Clay-Ashland is a township located 10 mi from the capital city of Monrovia in Liberia. The town is in the St. Paul River District of Montserrado County. It is named after Henry Clay — a slaveowner and American Colonization Society co-founder who favored gradual emancipation — and his estate Ashland in Lexington, Kentucky.

Established in 1846, Clay-Ashland was part of a colony called Kentucky In Africa, because it was settled by African-American immigrants primarily from the U.S. state of Kentucky under the auspices of the American Colonization Society.

==History==
A Kentucky state affiliate of the ACS was formed in 1828, and members raised money to transport Kentucky blacks — freeborn volunteers as well as slaves set free on the stipulation that they leave the United States — to Africa. The Kentucky society bought a 40 sqmi site along the Saint Paul River and named it Kentucky in Africa. Clay-Ashland was the colony's main town.

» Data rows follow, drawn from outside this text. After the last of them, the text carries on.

definition compact_op :: "('a::complex_banach \<Rightarrow> 'b::complex_banach) \<Rightarrow> bool" where
  "compact_op T \<longleftrightarrow> bounded_clinear T \<and> compact (closure (T ` ball 0 1))"

definition finite_rank :: "('a::complex_banach \<Rightarrow> 'b::complex_banach) \<Rightarrow> bool" where
  "finite_rank R \<longleftrightarrow> bounded_clinear R \<and>
     (\<exists>B. finite B \<and> range R \<subseteq> {\<Sum>b\<in>B. scaleC (c b) b | c. True})"

end

theory Submission
  imports Defs
begin

text \<open>
  Write E = [Eij] and F = [Fij] as 2x2 block operators. Comparing first columns in
  diag(T, id) = E diag(S, id) F gives T = E11 S F11 + E12 F21 and E21 S F11 + E22 F21 = 0,
  and multiplying by the inverses of E and F shows F22 E22 = I - K with K compact, since K
  factors through T. By Riesz theory I - K has a bounded left inverse Q up to finite rank:
  ascent and descent of A = I - K are finite, so for large m the operator A^(m+1) is
  invertible on its range, and Q = (A^(m+1) restricted to its range)^-1 A^m satisfies
  y - Q A y \<in> N(A^m), a finite-dimensional space. Hence F21 = -Q F22 E21 S F11 up to finite
  rank, and T = (E11 - E12 Q F22 E21) S F11 up to finite rank.
\<close>

section \<open>Sequentially compact operators\<close>

text \<open>The sequential form of compactness is the one the Riesz theory below works with.\<close>

definition seq_compact_operator :: "('a::real_normed_vector \<Rightarrow> 'b::real_normed_vector) \<Rightarrow> bool" where
  "seq_compact_operator K \<longleftrightarrow> bounded_linear K \<and>
     (\<forall>x::nat \<Rightarrow> 'a. bounded (range x) \<longrightarrow> (\<exists>r l. strict_mono r \<and> (\<lambda>n. K (x (r n))) \<longlonglongrightarrow> l))"

lemma seq_compact_operator_imp_bounded_linear:
  "seq_compact_operator K \<Longrightarrow> bounded_linear K"
  by (simp add: seq_compact_operator_def)

lemma seq_compact_operator_imp_linear: "seq_compact_operator K \<Longrightarrow> linear K"
  by (simp add: seq_compact_operator_def bounded_linear.linear)

lemma compact_op_imp_seq_compact_operator:
  assumes "compact_op T" shows "seq_compact_operator T"
  unfolding seq_compact_operator_def
proof (intro conjI allI impI)
  have cp: "compact (closure (T ` ball 0 1))" using assms by (simp add: compact_op_def)
  show bl: "bounded_linear T" using assms by (simp add: compact_op_def bounded_clinear_def)
  fix x :: "nat \<Rightarrow> 'a" assume "bounded (range x)"
  then obtain B where B: "B > 0" "\<And>n. norm (x n) \<le> B"
    by (meson bounded_pos rangeI)
  define y where "y n = T ((1 / (2 * B)) *\<^sub>R x n)" for n
  have "y n \<in> closure (T ` ball 0 1)" for n
  proof -
    have "norm ((1 / (2 * B)) *\<^sub>R x n) < 1" using B(1) B(2)[of n] by (simp add: field_simps)
    then show ?thesis unfolding y_def by (intro closure_subset[THEN subsetD]) auto
  qed
  then obtain l r where r: "strict_mono r" "(y \<circ> r) \<longlonglongrightarrow> l"
    using cp unfolding compact_def by blast
  have "(\<lambda>n. (2 * B) *\<^sub>R y (r n)) \<longlonglongrightarrow> (2 * B) *\<^sub>R l"
    using r(2) by (intro tendsto_scaleR) (auto simp: o_def)
  moreover have "(2 * B) *\<^sub>R y (r n) = T (x (r n))" for n
    using B(1) by (simp add: y_def linear_scale[OF bounded_linear.linear[OF bl]])
  ultimately show "\<exists>r l. strict_mono r \<and> (\<lambda>n. T (x (r n))) \<longlonglongrightarrow> l"
    using r(1) by auto
qed

lemma seq_compact_operator_zero: "seq_compact_operator (\<lambda>x. 0)"
  unfolding seq_compact_operator_def using strict_mono_id by (blast intro: bounded_linear_zero tendsto_const)

lemma seq_compact_operator_add:
  assumes "seq_compact_operator K" "seq_compact_operator L"
  shows "seq_compact_operator (\<lambda>x. K x + L x)"
  unfolding seq_compact_operator_def
proof (intro conjI allI impI)
  show "bounded_linear (\<lambda>x. K x + L x)"
    using assms by (intro bounded_linear_add seq_compact_operator_imp_bounded_linear)
  fix x :: "nat \<Rightarrow> 'a" assume bx: "bounded (range x)"
  obtain r1 l1 where r1: "strict_mono r1" "(\<lambda>n. K (x (r1 n))) \<longlonglongrightarrow> l1"
    using assms(1) bx unfolding seq_compact_operator_def by blast
  have "bounded (range (\<lambda>n. x (r1 n)))" using bx by (rule bounded_subset) auto
  then obtain r2 l2 where r2: "strict_mono r2" "(\<lambda>n. L (x (r1 (r2 n)))) \<longlonglongrightarrow> l2"
    using assms(2) unfolding seq_compact_operator_def by blast
  have "(\<lambda>n. K (x (r1 (r2 n)))) \<longlonglongrightarrow> l1"
    using LIMSEQ_subseq_LIMSEQ[OF r1(2) r2(1)] by (simp add: o_def)
  with r2(2) have "(\<lambda>n. K (x ((r1 \<circ> r2) n)) + L (x ((r1 \<circ> r2) n))) \<longlonglongrightarrow> l1 + l2"
    by (simp add: tendsto_add)
  with strict_mono_o[OF r1(1) r2(1)]
  show "\<exists>r l. strict_mono r \<and> (\<lambda>n. K (x (r n)) + L (x (r n))) \<longlonglongrightarrow> l"
    by blast
qed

Notable residents have included William D. Coleman, the 13th President of Liberia, whose family settled in Clay-Ashland after immigrating from Fayette County, Kentucky, United States when he was a boy. Moses Ricks, a successful farmer and Baptist missionary who founded the still-running Ricks Institute in 1887 to provide a Christian education to indigenous youth in Liberia, also grew up in the town. Alfred Francis Russell, the 10th President of Liberia, also resided in Clay-Ashland. Martha Ann Erskine Ricks lived here after her father bought her out of slavery. In 1892 she received a Royal audience with Queen Victoria.

The True Whig Party, which dominated Liberian politics for more than a century, was founded in Clay-Ashland in 1869.